Source : http://www.geek.com/articles/news/anonymous-strikes-back-by-taking-down-doj-universal-records-20120119/


----------



## Foxi4 (Jan 19, 2012)

Do we yawn and remind y'all y'all's that it's just another DDOS attack done by Script Kiddies now or do we give you a moment to contain your joy before we break the bubble and you fall face-down onto the ground?


----------



## Hyro-Sama (Jan 19, 2012)

EAT ANON DICK AMERICA!


----------



## Roxasorg13 (Jan 19, 2012)

Foxi4 said:


> Do we yawn and remind y'all y'all's that it's just another DDOS attack done by Script Kiddies now or do we give you a moment to contain your joy before we break the bubble and you fall face-down onto the ground?


HAHAHAHAHA I lol'd


----------



## sjones900 (Jan 19, 2012)

For all that don't know, Anonymous is not a real organization. It's just random hackers from 4chan that retaliate against random things on the internet that claim that they are Anonymous, giving the allusion that they are an organization.


----------



## Tom Bombadildo (Jan 19, 2012)

Foxi4 said:


> Do we yawn and remind y'all y'all's that it's just another DDOS attack done by Script Kiddies now or do we give you a moment to contain your joy before we break the bubble and you fall face-down onto the ground?


This man knows everything. Listen, Learn.


----------



## CrimzonEyed (Jan 19, 2012)

DDOS = Effective to take down websites since 1998


----------



## DinohScene (Jan 19, 2012)

>The notorious hacking group going by the moniker Anonymous.

Stopped reading there.

I totally agree with @[member='Foxi4']


----------



## Hyro-Sama (Jan 19, 2012)

In all seriousiness it's one website though. Does Anon really need to freak out? It's not like file hosting websites are dropping like filies.


----------



## Sora de Eclaune (Jan 19, 2012)

Someone go on 4chan and browse through all the nsfw images on /b/ to see if anonymous is REALLY doing this or if it's just a group of random people who think they can use Anonymous' name for their own deeds or claim they are from Anonymous (which, you can't claim you're Anonymous if everyone knows who you are).



Hyro-Sama said:


> In all seriousiness it's one website though. Does Anon really need to freak out? It's not like file hosting websites are dropping like filies.

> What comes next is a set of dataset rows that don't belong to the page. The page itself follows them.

lemma bipartition_unique:
  assumes "bipartition B1" "bipartition B2"
    and count: "2 * card R = card V * (card V - 1)" and "3 \<le> card V"
  shows "V \<inter> B1 = V \<inter> B2 \<or> V \<inter> B1 = V - B2"
proof (rule ccontr)
  assume different: "\<not> ?thesis"
  define P S Q Q' where "P = V \<inter> B1 \<inter> B2" and "S = V - B1 - B2"
    and "Q = V \<inter> B1 - B2" and "Q' = V \<inter> B2 - B1"
  have fin: "finite P" "finite S" "finite Q" "finite Q'"
    using finite_vertices by (auto simp: P_def S_def Q_def Q'_def)
  have "R \<subseteq> (P \<times> S \<union> S \<times> P) \<union> (Q \<times> Q' \<union> Q' \<times> Q)"
  proof
    fix e assume "e \<in> R"
    moreover obtain x y where e: "e = (x, y)" by (cases e)
    ultimately have "x \<in> V" "y \<in> V" "x \<in> B1 \<longleftrightarrow> y \<notin> B1" "x \<in> B2 \<longleftrightarrow> y \<notin> B2"
      using assms(1,2) edges_subset by (auto simp: bipartition_def)
    with e show "e \<in> (P \<times> S \<union> S \<times> P) \<union> (Q \<times> Q' \<union> Q' \<times> Q)"
      by (auto simp: P_def S_def Q_def Q'_def)
  qed
  then have "card R \<le> card ((P \<times> S \<union> S \<times> P) \<union> (Q \<times> Q' \<union> Q' \<times> Q))"
    using fin by (intro card_mono) auto
  also have "\<dots> \<le> card (P \<times> S) + card (S \<times> P) + (card (Q \<times> Q') + card (Q' \<times> Q))"
    using card_Un_le[of "P \<times> S \<union> S \<times> P" "Q \<times> Q' \<union> Q' \<times> Q"]
      card_Un_le[of "P \<times> S" "S \<times> P"] card_Un_le[of "Q \<times> Q'" "Q' \<times> Q"] by linarith
  also have "\<dots> = 2 * (card P * card S + card Q * card Q')"
    by (simp add: card_cartesian_product)
  finally have "card V * (card V - 1) \<le> 4 * (card P * card S + card Q * card Q')"
    using count by linarith
  moreover have "card V = card P + card Q + card Q' + card S"
    unfolding P_def S_def Q_def Q'_def by (rule card_Venn2[OF finite_vertices])
  moreover have "P \<union> S \<noteq> {}" "Q \<union> Q' \<noteq> {}"
    using different by (auto simp: P_def S_def Q_def Q'_def)
  then have "1 \<le> card P + card S" "1 \<le> card Q + card Q'"
    using fin by (auto simp: Suc_le_eq card_gt_0_iff)
  ultimately have "card V \<le> 2" by (rule two_cuts_count_arith)
  with \<open>3 \<le> card V\<close> show False by simp
qed

end

locale triangle_free_graph = finite_graph +
  assumes triangle_free: "(x, y) \<in> R \<Longrightarrow> (y, z) \<in> R \<Longrightarrow> (x, z) \<notin> R"
begin

lemma independent_nbrs: "independent (nbrs v)"
  unfolding independent_def nbrs_def
proof (rule equals0I)
  fix e assume "e \<in> R \<inter> R `` {v} \<times> R `` {v}"
  then obtain x y where "(v, x) \<in> R" "(v, y) \<in> R" "(x, y) \<in> R" by auto
  then show False using triangle_free[OF edges_sym] by blast
qed

lemma disjoint_nbrs: "(x, y) \<in> R \<Longrightarrow> nbrs x \<inter> nbrs y = {}"
  using triangle_free by (auto simp: nbrs_def)

text \<open>The slack sum vanishes only if every vertex of A other than x and y is adjacent to all
  of B.\<close>

lemma cross_edges_bound:
  assumes fin: "finite A" "finite B" and xy: "x \<in> A" "y \<in> A" "(x, y) \<in> R"
  shows "card (R \<inter> A \<times> B) + card B + (\<Sum>z\<in>A - {x, y}. card B - card (nbrs z \<inter> B))
    \<le> card A * card B"
proof -
  let ?d = "\<lambda>z. card (nbrs z \<inter> B)" and ?A' = "A - {x, y}"
  have "x \<noteq> y" using xy edges_irrefl by auto
  have d_le: "?d z \<le> card B" for z using fin by (simp add: card_mono)
  have "card (R \<inter> A \<times> B) = ?d x + ?d y + (\<Sum>z\<in>?A'. ?d z)"
  proof -
    have "A - {x} - {y} = ?A'" by auto
    then show ?thesis using fin xy \<open>x \<noteq> y\<close>
      by (simp add: card_edges_from sum.remove[of A x] sum.remove[of "A - {x}" y])
  qed
  moreover have "?d x + ?d y \<le> card B"
  proof -
    have "?d x + ?d y = card ((nbrs x \<inter> B) \<union> (nbrs y \<inter> B))"
      using disjoint_nbrs[OF xy(3)] finite_nbrs by (subst card_Un_disjoint) auto
    also have "\<dots> \<le> card B" using fin by (intro card_mono) auto
    finally show ?thesis .
  qed
  moreover have "(\<Sum>z\<in>?A'. ?d z) + (\<Sum>z\<in>?A'. card B - ?d z) = (card A - 2) * card B"
    using d_le xy \<open>x \<noteq> y\<close> fin by (simp flip: sum.distrib add: numeral_2_eq_2)
  moreover have "card A \<ge> 2"
    using card_mono[OF fin(1), of "{x, y}"] xy \<open>x \<noteq> y\<close> by simp
  then have "(card A - 2) * card B + 2 * card B = card A * card B"
    by (simp add: diff_mult_distrib mult_le_mono1)
  ultimately show ?thesis by linarith
qed

end

lemma int_square_le_self_iff: "(d::int) * d \<le> d \<longleftrightarrow> d = 0 \<or> d = 1"
proof
  assume "d * d \<le> d"
  moreover have "d \<ge> 2 \<Longrightarrow> 2 * d \<le> d * d" by (simp add: mult_right_mono)
  moreover have "d < 0 \<Longrightarrow> 0 < d * d" by (simp add: zero_less_mult_iff)
  ultimately show "d = 0 \<or> d = 1" by linarith
qed auto

text \<open>Here b = |N(v)| for a vertex v of maximal degree, a = n - b, and s, t count the
  ordered edges inside V - N(v) and from V - N(v) to N(v).\<close>

lemma split_count_arith:
  fixes a b s t :: nat
  assumes count: "2 * (s + 2 * t) = (a + b) * (a + b - 1)"
    and deg: "s + t \<le> a * b" and cross: "t + b \<le> a * b"
  shows "a \<le> b + 1 \<and> s + t = a * b \<and> t + b = a * b"
proof -
  have count': "2 * (int s + 2 * int t) = (int a + int b) * (int a + int b - 1)"
  proof -
    have "int (m * (m - 1)) = int m * (int m - 1)" for m
      by (cases m) (simp_all add: algebra_simps)
    from this[of "a + b"] show ?thesis using arg_cong[OF count, of int] by simp
  qed
  have deg': "int s + int t \<le> int a * int b" and cross': "int t + int b \<le> int a * int b"
    using deg cross by (simp_all flip: of_nat_add of_nat_mult)
  then have "2 * (int s + 2 * int t) \<le> 4 * (int a * int b) - 2 * int b"
    by arith
  then have "(int a + int b) * (int a + int b - 1) \<le> 4 * (int a * int b) - 2 * int b"
    by (simp only: count')
  then have "(int a - int b) * (int a - int b) \<le> int a - int b"
    by (simp add: algebra_simps)
  then have "int a - int b = 0 \<or> int a - int b = 1"
    by (simp add: int_square_le_self_iff)
  then have "(int a + int b) * (int a + int b - 1) = 4 * (int a * int b) - 2 * int b"
    by (auto simp: algebra_simps)
  then have "int s + int t = int a * int b \<and> int t + int b = int a * int b"
    using count' deg' cross' by arith
  then show ?thesis using \<open>int a - int b = 0 \<or> int a - int b = 1\<close>
    by (auto simp flip: of_nat_add of_nat_mult)
qed

context triangle_free_graph
begin

lemma nonnbrs_edge_counts:
  fixes v x y :: 'a
  defines "B \<equiv> nbrs v" and "A \<equiv> V - nbrs v"
  assumes v: "v \<in> V" "\<forall>x\<in>V. degree x \<le> degree v"
    and count: "2 * card R = card V * (card V - 1)"
    and xy: "x \<in> A" "y \<in> A" "(x, y) \<in> R"
  shows "card A \<le> card B + 1" "card (R \<inter> A \<times> A) = card B"
    and "\<forall>z\<in>A - {x, y}. nbrs z = B"
proof -
  have part: "A \<union> B = V" "A \<inter> B = {}" using nbrs_subset by (auto simp: A_def B_def)
  then have fin: "finite A" "finite B" and "card V = card A + card B"
    using finite_vertices card_Un_disjoint[of A B] by auto
  have count': "2 * (card (R \<inter> A \<times> A) + 2 * card (R \<inter> A \<times> B))
      = (card A + card B) * (card A + card B - 1)"
    using card_edges_split[OF part] independent_nbrs count \<open>card V = _\<close> by (simp add: B_def)
  have "card (R \<inter> A \<times> A) + card (R \<inter> A \<times> B) = (\<Sum>z\<in>A. degree z)"
    using sum_degree_eq card_edges_from_split[OF part] fin by simp
  also have "\<dots> \<le> card A * card B"
    using sum_mono[of A degree "\<lambda>_. card B"] v part by (auto simp: B_def degree_def)
  finally have deg: "card (R \<inter> A \<times> A) + card (R \<inter> A \<times> B) \<le> card A * card B" .
  note cross = cross_edges_bound[OF fin xy]
  then have "card (R \<inter> A \<times> B) + card B \<le> card A * card B" by linarith
  from split_count_arith[OF count' deg this]
  have balance: "card A \<le> card B + 1" "card (R \<inter> A \<times> A) = card B"
    "card (R \<inter> A \<times> B) + card B = card A * card B" by auto
  then show "card A \<le> card B + 1" "card (R \<inter> A \<times> A) = card B" by simp_all
  have full: "card B \<le> card (nbrs z \<inter> B)" if "z \<in> A - {x, y}" for z
    using balance(3) cross fin that by auto
  show "\<forall>z\<in>A - {x, y}. nbrs z = B"
  proof
    fix z assume z: "z \<in> A - {x, y}"
    have "nbrs z \<inter> B = B" using full[OF z] fin by (intro card_seteq) auto
    then show "nbrs z = B"
      using nbrs_eq_if_max_degree[of z v] v z part by (auto simp: B_def)
  qed
qed

lemma independent_nonnbrs_of_max_degree:
  assumes v: "v \<in> V" "\<forall>x\<in>V. degree x \<le> degree v"
    and count: "2 * card R = card V * (card V - 1)" and "card V \<noteq> 5"
  shows "independent (V - nbrs v)"
proof (rule ccontr)
  let ?A = "V - nbrs v"
  assume "\<not> independent ?A"
  then obtain x y where xy: "x \<in> ?A" "y \<in> ?A" "(x, y) \<in> R" by (auto simp: independent_def)
  note counts = nonnbrs_edge_counts[OF v count xy]
  have "R \<inter> ?A \<times> ?A \<subseteq> {(x, y), (y, x)}"
  proof
    fix e assume "e \<in> R \<inter> ?A \<times> ?A"
    then obtain p q where pq: "e = (p, q)" "(p, q) \<in> R" "p \<in> ?A" "q \<in> ?A" by auto
    then have "p \<in> {x, y}" "q \<in> {x, y}"
      using counts(3) edges_sym[OF pq(2)] by (auto simp: nbrs_def)
    then show "e \<in> {(x, y), (y, x)}" using pq(1,2) edges_irrefl by auto
  qed
  then have "card (R \<inter> ?A \<times> ?A) \<le> card {(x, y), (y, x)}" by (rule card_mono[rotated]) simp
  also have "\<dots> \<le> 2" by (rule card_insert_le_m1) simp_all
  finally have "card (nbrs v) \<le> 2" using counts(2) by (simp only:)
  moreover have "card {v, x, y} \<le> card ?A" using finite_vertices xy v edges_irrefl
    by (intro card_mono) (auto simp: nbrs_def)
  moreover have "card {v, x, y} = 3"
  proof -
    have "y \<in> nbrs x" "x \<in> nbrs y" using xy edges_sym by (auto simp: nbrs_def)
    then have "v \<noteq> x" "v \<noteq> y" using xy by auto
    moreover have "x \<noteq> y" using xy edges_irrefl by auto
    ultimately show ?thesis by simp
  qed
  moreover have "card V = card ?A + card (nbrs v)"
    using card_Diff_subset[OF finite_nbrs nbrs_subset] card_mono[OF finite_vertices nbrs_subset]
    by simp
  ultimately show False using counts(1) \<open>card V \<noteq> 5\<close> by linarith
qed

lemma bipartition_if_half_dense:
  assumes count: "2 * card R = card V * (card V - 1)" and "card V \<noteq> 5" and "R \<noteq> {}"
  shows "\<exists>B \<subseteq> V. B \<noteq> {} \<and> B \<noteq> V \<and> bipartition B"
proof -
  obtain p q where pq: "(p, q) \<in> R" using \<open>R \<noteq> {}\<close> by auto
  then have "p \<in> V" using edges_subset by auto
  have "Max (degree ` V) \<in> degree ` V" using finite_vertices \<open>p \<in> V\<close> by (intro Max_in) auto
  then obtain v where "v \<in> V" "degree v = Max (degree ` V)" by auto
  then have v: "v \<in> V" "\<forall>x\<in>V. degree x \<le> degree v" using finite_vertices by auto
  have "q \<in> nbrs p" using pq by (simp add: nbrs_def)
  then have "0 < degree p" using finite_nbrs by (auto simp: degree_def card_gt_0_iff)
  then have "nbrs v \<noteq> {}" using v \<open>p \<in> V\<close> by (fastforce simp: degree_def)
  moreover have "nbrs v \<noteq> V" using v edges_irrefl by (auto simp: nbrs_def)
  moreover have "bipartition (nbrs v)"
    using independent_nbrs independent_nonnbrs_of_max_degree[OF v count \<open>card V \<noteq> 5\<close>] nbrs_subset
    by (simp add: bipartition_iff_independent Int_absorb1)
  ultimately show ?thesis using nbrs_subset by blast
qed

end

section \<open>Quadratic f-ideals\<close>

locale quadratic_f_ideal =
  fixes n :: nat and I :: "monomial set"
  assumes in_V2: "I \<in> V n 2"
begin

lemma is_monomial_ideal: "monomial_ideal n I"
  using in_V2 by (simp add: V_def f_ideal_def sqfree_monomial_ideal_def)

Well, other file-hosting websites can be taken down for the same flimsy reasons that Megaupload was taken down for. Right now, if the government wanted.


----------



## someonewhodied (Jan 19, 2012)

its 1 website, but it could cause 7 people to live in prison for 55 years. Imagine if you and 6 co-workers were to live in jail for 55 years. It would ruin your life.

I support anon's actions.


----------



## MelodieOctavia (Jan 19, 2012)

Yet another misinformed article pegging "Anonymous" as an actual group.


----------



## CrimzonEyed (Jan 19, 2012)

Sora de Eclaune said:


> Someone go on 4chan and browse through all the nsfw images on /b/ to see if anonymous is REALLY doing this or if it's just a group of random people who think they can use Anonymous' name for their own deeds or claim they are from Anonymous (which, you can't claim you're Anonymous if everyone knows who you are).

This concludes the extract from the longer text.